Bots have become an integral part of today’s digital space. They help us order groceries, play music on our channel, and pay colleagues for the delicious smoothies they bought us. Bots also populate the internet to perform the functions for which they were designed. But what does all this mean for webmasters? And perhaps most importantly, what does that mean for the environment? Read on to find out what you need to know about bot traffic and why you should care!
What is a traffic bot?
First of all, a bot is a program created to perform automated tasks over the Internet. Bots can mimic or replace the behavior of a real user. They are very good at performing repetitive and mundane tasks. It’s also fast and efficient, which makes it a great option if you need to do something on a large scale.
Bot traffic refers to non-human traffic to a website or application. If you own a website, chances are it has been visited by a bot. Bot traffic will account for over 40% of all internet traffic in 2022. We have seen this number increase in recent years, and we will continue to see this trend for the foreseeable future.
Bot traffic sometimes gets a bad rap, and in many cases, it is really bad. But there are also good and legal bots. It depends on the purpose of those bots. Some bots are necessary to run digital services, such as search engines or personal assistants. Some bots want to infiltrate your website and steal sensitive information. So, what are “good” and “bad” bot activities, let’s delve a little deeper into these two types of bots.
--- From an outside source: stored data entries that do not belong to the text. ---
text \<open>For \<open>w = U - Ut\<close>, subtracting the two Riccati inequalities gives the linear inequality
  \<open>w' + a w \<ge> 0\<close> with \<open>a = (2x + (U + Ut)/2) / (1 - x\<^sup>2)\<close>, so with the integrating factor
  \<open>F(y) = \<integral>\<^sub>y\<^sup>b a\<close> the function \<open>exp(-F) w\<close> is nondecreasing. Thus a zero of \<open>w\<close> forces
  \<open>w \<le> 0\<close> to its left, and \<open>w(x) < 0\<close> gives \<open>w(y) \<le> exp (F y - F x) w(x)\<close> for \<open>y \<le> x\<close>, which
  contradicts \<open>w(-1) \<ge> 0\<close> as soon as \<open>F\<close> is bounded below near \<open>-1\<close>. In case (i) \<open>a > 0\<close>
  near \<open>-1\<close>; in case (ii), where \<open>w < 0\<close>, one has \<open>a \<ge> (-2 + U)/(1 - x\<^sup>2)\<close>, whose integral
  is bounded below by the limsup hypothesis.\<close>

lemma C1_on_has_real_derivative_interior:
  assumes "C1_on S f" "x \<in> interior S"
  shows "(f has_real_derivative deriv f x) (at x)"
proof -
  obtain f' where "\<forall>x\<in>S. (f has_real_derivative f' x) (at x within S)"
    using assms(1) unfolding C1_on_def by blast
  then have "(f has_real_derivative f' x) (at x)"
    using assms(2) interior_subset at_within_interior by fastforce
  then show ?thesis
    using DERIV_imp_deriv by fastforce
qed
“Good” bots perform specific functions that do not harm your site or server. They advertise themselves and let you know what they are doing on your website. Search engine crawlers are probably the most popular bots of this type. Without crawlers visiting your website to discover the content, search engines would have no way of providing information when searching for something. When we talk about “good” bot traffic, we’re talking about these bots. It is quite normal for a site to receive a small percentage of traffic from “good” bots.
Aside from search engine crawlers, some other good web bots include:
If you’re in the SEO space, you’ve probably used tools like Semrush or Ahrefs to do keyword research or gain insight into your competition. For these tools to provide your information, they must also send out bots to crawl the web to collect data.
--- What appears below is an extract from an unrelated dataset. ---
(* Let $\mathcal{L}$ be a finite set of labels, $\mathcal{C}$ a finite set of classes and $\mathcal{M}$ a finite set of mixins, equipped with types as described in the context, and let $\Delta^{\mathcal{C},\mathcal{M}}_{\mathcal{L}}$ be the repository defined in the context. Let $M_1,\ldots,M_n\in\mathcal{M}$, $C\in\mathcal{C}$, let $\sigma\in\mathbb{T}$ and $\rho\in\mathbb{T}_R$ be types such that $[\![\sigma\to\rho]\!]$ is defined, and let $k\in\mathbb{N}$. If $\Delta^{\mathcal{C},\mathcal{M}}_{\mathcal{L}}\vdash_k C \triangleright M_1\triangleright\cdots\triangleright M_n : [\![\sigma\to\rho]\!]$ in $\mathsf{BCL}_k(\mathbb{T}_C)$, then $\vdash C\triangleright M_1\triangleright\cdots\triangleright M_n : \sigma\to\rho$ in the type assignment system for $\Lambda_R$ (with empty basis).
   Context: \textbf{The calculus $\Lambda_R$.} Terms: $M,N ::= x \mid \lambda x.M \mid MN \mid M.l \mid R \mid M\oplus R$, records $R ::= \langle l_i = M_i \mid i\in I\rangle$ ($I$ finite, labels $l_i$ pairwise distinct), with $\mathit{lbl}(\langle l_i=M_i\mid i\in I\rangle)=\{l_i\mid i\in I\}$. $\mathbf{Y}=\lambda f.(\lambda x.f(xx))(\lambda x.f(xx))$. A class is a closed term of the form $\mathbf{Y}(\lambda\,\mathit{myClass}\,\lambda\,\mathit{state}.\,R)$; a mixin is a closed term of the form $\lambda\,\mathit{argClass}.\,\mathbf{Y}(\lambda\,\mathit{myClass}\,\lambda\,\mathit{state}.\,(\mathit{argClass}\;\mathit{state})\oplus R_M)$ where $R_M$ is a record (called the record of the mixin). \textbf{Types for $\Lambda_R$.} $\mathbb{T}\ni\sigma ::= a\mid\omega\mid\sigma_1\to\sigma_2\mid\sigma_1\cap\sigma_2\mid\rho$ and record types $\mathbb{T}_R\ni\rho ::= \langle\rangle\mid\langle l:\sigma\rangle\mid\rho_1+\rho_2\mid\rho_1\cap\rho_2$ ($a$ type constants, $l$ labels). Subtyping $\le$ is the least preorder with: $\sigma\le\omega$; $\omega\le\omega\to\omega$; $\sigma\cap\tau\le\sigma$; $\sigma\cap\tau\le\tau$; $\sigma\le\tau_1,\sigma\le\tau_2\Rightarrow\sigma\le\tau_1\cap\tau_2$; $(\sigma\to\tau_1)\cap(\sigma\to\tau_2)\le\sigma\to\tau_1\cap\tau_2$; $\sigma_2\le\sigma_1,\tau_1\le\tau_2\Rightarrow\sigma_1\to\tau_1\le\sigma_2\to\tau_2$; $\langle l:\sigma\rangle\le\langle\rangle$; $\langle l:\sigma\rangle\cap\langle l:\tau\rangle\le\langle l:\sigma\cap\tau\rangle$; $\sigma\le\tau\Rightarrow\langle l:\sigma\rangle\le\langle l:\tau\rangle$; $\rho+\langle\rangle=\langle\rangle+\rho=\rho$; $(\rho_1+\rho_2)+\rho_3=\rho_1+(\rho_2+\rho_3)$; $(\rho_1\cap\rho_2)+\rho_3=(\rho_1+\rho_3)\cap(\rho_2+\rho_3)$; $\langle l:\sigma\rangle+(\langle l:\tau\rangle\cap\rho)=\langle l:\tau\rangle\cap\rho$; $\langle l:\sigma\rangle+(\langle l':\tau\rangle\cap\rho)=\langle l':\tau\rangle\cap(\langle l:\sigma\rangle+\rho)$ if $l\neq l'$; $\rho_1\le\rho_2\Rightarrow\rho_1+\rho\le\rho_2+\rho$; $\rho_1=\rho_2\Rightarrow\rho+\rho_1=\rho+\rho_2$. Here $\sigma=\tau$ means $\sigma\le\tau$ and $\tau\le\sigma$. Write $\langle l_i:\sigma_i\mid i\in I\rangle$ for $\bigcap_{i\in I}\langle l_i:\sigma_i\rangle$ (and $\langle\rangle$ if $I=\emptyset$). $\mathit{lbl}(\langle\rangle)=\emptyset$, $\mathit{lbl}(\langle l:\sigma\rangle)=\{l\}$, $\mathit{lbl}(\rho_1\cap\rho_2)=\mathit{lbl}(\rho_1+\rho_2)=\mathit{lbl}(\rho_1)\cup\mathit{lbl}(\rho_2)$. \textbf{Type assignment for $\Lambda_R$} (judgments $\Gamma\vdash M:\sigma$, $\Gamma$ a finite set of assumptions $x:\sigma$ with distinct variables): axiom $\Gamma\vdash x:\sigma$ if $x:\sigma\in\Gamma$; $\to$-introduction and elimination as usual; $\cap$-introduction; $\Gamma\vdash M:\omega$; subsumption along $\le$; $\Gamma\vdash\langle l_i=M_i\mid i\in I\rangle:\langle\rangle$; from $\Gamma\vdash M_k:\sigma$, $k\in I$ infer $\Gamma\vdash\langle l_i=M_i\mid i\in I\rangle:\langle l_k:\sigma\rangle$; from $\Gamma\vdash M:\langle l:\sigma\rangle$ infer $\Gamma\vdash M.l:\sigma$; from $\Gamma\vdash M:\rho_1$, $\Gamma\vdash R:\rho_2$ and $\mathit{lbl}(R)=\mathit{lbl}(\rho_2)$ infer $\Gamma\vdash M\oplus R:\rho_1+\rho_2$. \textbf{$\mathsf{BCL}_k(\mathbb{T}_C)$.} Types $\mathbb{T}_C\ni\tau ::= a\mid\alpha\mid\omega\mid\tau_1\to\tau_2\mid\tau_1\cap\tau_2\mid c(\tau)$ ($\alpha$ type variables, $c$ unary constructors), subtyping: the arrow/intersection axioms above together with $\tau_1\le\tau_2\Rightarrow c(\tau_1)\le c(\tau_2)$ and $c(\tau_1)\cap c(\tau_2)\le c(\tau_1\cap\tau_2)$. Level: $\mathrm{level}(\omega)=\mathrm{level}(a)=\mathrm{level}(\alpha)=0$, $\mathrm{level}(c(\tau))=1+\mathrm{level}(\tau)$, $\mathrm{level}(\sigma\to\tau)=1+\max(\mathrm{level}(\sigma),\mathrm{level}(\tau))$, $\mathrm{level}(\sigma\cap\tau)=\max(\mathrm{level}(\sigma),\mathrm{level}(\tau))$; for a substitution $S$ of types for type variables, $\mathrm{level}(S)=\max_{\alpha\in\mathrm{dom}(S)}\mathrm{level}(S(\alpha))$. A repository $\Delta$ is a finite set of typed combinator names $C:\tau$; combinatory terms are $E::=C\mid(E\,E')$ with $C\in\mathrm{dom}(\Delta)$. Rules: from $C:\tau\in\Delta$ and $\mathrm{level}(S)\le k$ infer $\Delta\vdash_k C:S(\tau)$; $\to$-elimination; $\cap$-introduction; subsumption. \textbf{Translation.} Fix a finite set of labels $\mathcal{L}$; use a unary constructor $\langle\!\langle\cdot\rangle\!\rangle$ and a unary constructor $l(\cdot)$ for each $l\in\mathcal{L}$. The partial map $[\![\cdot]\!]:\mathbb{T}\to\mathbb{T}_C$ is $[\![\omega]\!]=\omega$, $[\![a]\!]=a$, $[\![\sigma\to\tau]\!]=[\![\sigma]\!]\to[\![\tau]\!]$, $[\![\sigma\cap\tau]\!]=[\![\sigma]\!]\cap[\![\tau]\!]$, $[\![\langle l:\tau\rangle]\!]=\langle\!\langle l([\![\tau]\!])\rangle\!\rangle$ ($l\in\mathcal{L}$), $[\![\langle\rangle]\!]=\langle\!\langle\omega\rangle\!\rangle$; it is undefined on types containing $+$. \textbf{Setting.} $\mathcal{C}$ is a finite set of classes; for each $C\in\mathcal{C}$ types $\sigma_C\in\mathbb{T}$, $\rho_C\in\mathbb{T}_R$ with $[\![\sigma_C\to\rho_C]\!]$ defined and $\vdash C:\sigma_C\to\rho_C$. $\mathcal{M}$ is a finite set of mixins; for each $M\in\mathcal{M}$ types $\sigma_M\in\mathbb{T}$, $\rho^1_M,\rho^2_M\in\mathbb{T}_R$ with $[\![\sigma_M]\!],[\![\rho^1_M]\!],[\![\rho^2_M]\!]$ defined such that for all $\rho\in\mathbb{T}_R$, $\vdash M:(\sigma_M\to\rho\cap\rho^1_M)\to(\sigma_M\to\rho+\rho^2_M)$; and $L_M=\mathit{lbl}(\rho^2_M)\subseteq\mathcal{L}$ is the non-empty set of labels defined by $M$ (the labels of its record $R_M$). The repository is $\Delta^{\mathcal{C},\mathcal{M}}_{\mathcal{L}}=\{C:[\![\sigma_C\to\rho_C]\!]\mid C\in\mathcal{C}\}\cup\{M:((\![\![\sigma_M]\!]\to[\![\rho^1_M]\!])\to([\![\sigma_M]\!]\to[\![\rho^2_M]\!]))\cap\bigcap_{l\in\mathcal{L}\setminus L_M}((\![\![\sigma_M]\!]\to\langle\!\langle l(\alpha_l)\rangle\!\rangle)\to([\![\sigma_M]\!]\to\langle\!\langle l(\alpha_l)\rangle\!\rangle))\mid M\in\mathcal{M}\}$, with distinct type variables $\alpha_l$. Notation: $x\triangleright f$ stands for $f\,x$, left associative, so $C\triangleright M_1\triangleright\cdots\triangleright M_n=M_n(\cdots(M_1\,C))$ (read as a combinatory term over the names in the repository, and as a $\Lambda_R$ term). *)

theory Defs
  imports Main "HOL-Library.List_Lexorder" "HOL-Library.Char_ord"
begin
Businesses send these bots to crawl the web to collect information. For example, research companies use them to monitor market news. Advertising networks need them to monitor and improve display ads. Coupon sites collect discount codes and sales programs to provide services to users on their websites.
Website monitoring bots
They help you monitor your website’s uptime and other website metrics. They periodically check and report data like server status and uptime so you can take action if your site is in trouble.
They collect and aggregate newsworthy content to present to your website visitors or email subscribers.
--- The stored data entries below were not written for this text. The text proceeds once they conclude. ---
(* Let $t(z),d(z)\in\mathbb{C}[[z]]$ be such that $t^2-4d$ has a simple zero at $z=0$. Let $A(z,\lambda)\in\mathfrak{gl}_2(\mathbb{C}[[z,\lambda]])$ with $\operatorname{tr}A(z,0)=t(z)$, $\det A(z,0)=d(z)$, and let $R(z,\lambda)\in\mathrm{GL}_2(\mathbb{C}((z))[[\lambda]])$ with $R(z,0)\in\mathrm{GL}_2(\mathbb{C}[[z]])$. Set $\mathrm{Gauge}_\lambda(A,R)=R^{-1}AR+\lambda R^{-1}\frac{dR}{dz}\in\mathfrak{gl}_2(\mathbb{C}((z))[[\lambda]])$. If $\mathrm{Gauge}_\lambda(A,R)\in\mathfrak{gl}_2(\mathbb{C}[[z,\lambda]])$, then $R(z,\lambda)\in\mathrm{GL}_2(\mathbb{C}[[z,\lambda]])$. *)

theory Defs
  imports "HOL-Analysis.Analysis" "HOL-Computational_Algebra.Formal_Laurent_Series"
begin

text \<open>A bivariate series in C[[z,lambda]] is represented as a power series in
  lambda whose coefficients are power series in z: type complex fps fps.
  C((z))[[lambda]] is represented as complex fls fps (power series in lambda with
  Laurent-series coefficients in z). 2x2 matrices are complex-valued entries of type _^2^2.\<close>

definition mat_map :: "('a \<Rightarrow> 'b) \<Rightarrow> 'a^'n^'m \<Rightarrow> 'b^'n^'m" where
  "mat_map f M = (\<chi> i j. f (M $ i $ j))"

definition incl :: "complex fps fps \<Rightarrow> complex fls fps" where
  "incl F = Abs_fps (\<lambda>n. fps_to_fls (F $ n))"

definition ddz :: "complex fls fps \<Rightarrow> complex fls fps" where
  "ddz F = Abs_fps (\<lambda>n. fls_deriv (F $ n))"

definition at_lambda0 :: "'a::zero fps \<Rightarrow> 'a" where
  "at_lambda0 F = F $ 0"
“Bad” bots are created with malicious goals in mind. You are probably familiar with spam bots that spam your website with inconsequential comments, irrelevant backlinks, and disreputable ads. You may have heard of bots that replace people in online lotteries or buy good seats at concerts. Because of these malicious bots, bot traffic gets a bad reputation. Unfortunately, a large amount of bot traffic comes from such “bad” bots. It is estimated that bad bot traffic will account for 27.7% of all internet traffic in 2022.
Here are some bots you don’t want on your site:
They collect email addresses and send malicious emails to that audience.
Spam bots comments
It spams your website with comments and links that redirect people to a malicious website. Or in many cases, they spam your website to advertise or try to get backlinks to their site.
These bots will come to your website and download anything they can find. This can include text, images, HTML files, and even videos. Bot operators will then reuse your content without permission.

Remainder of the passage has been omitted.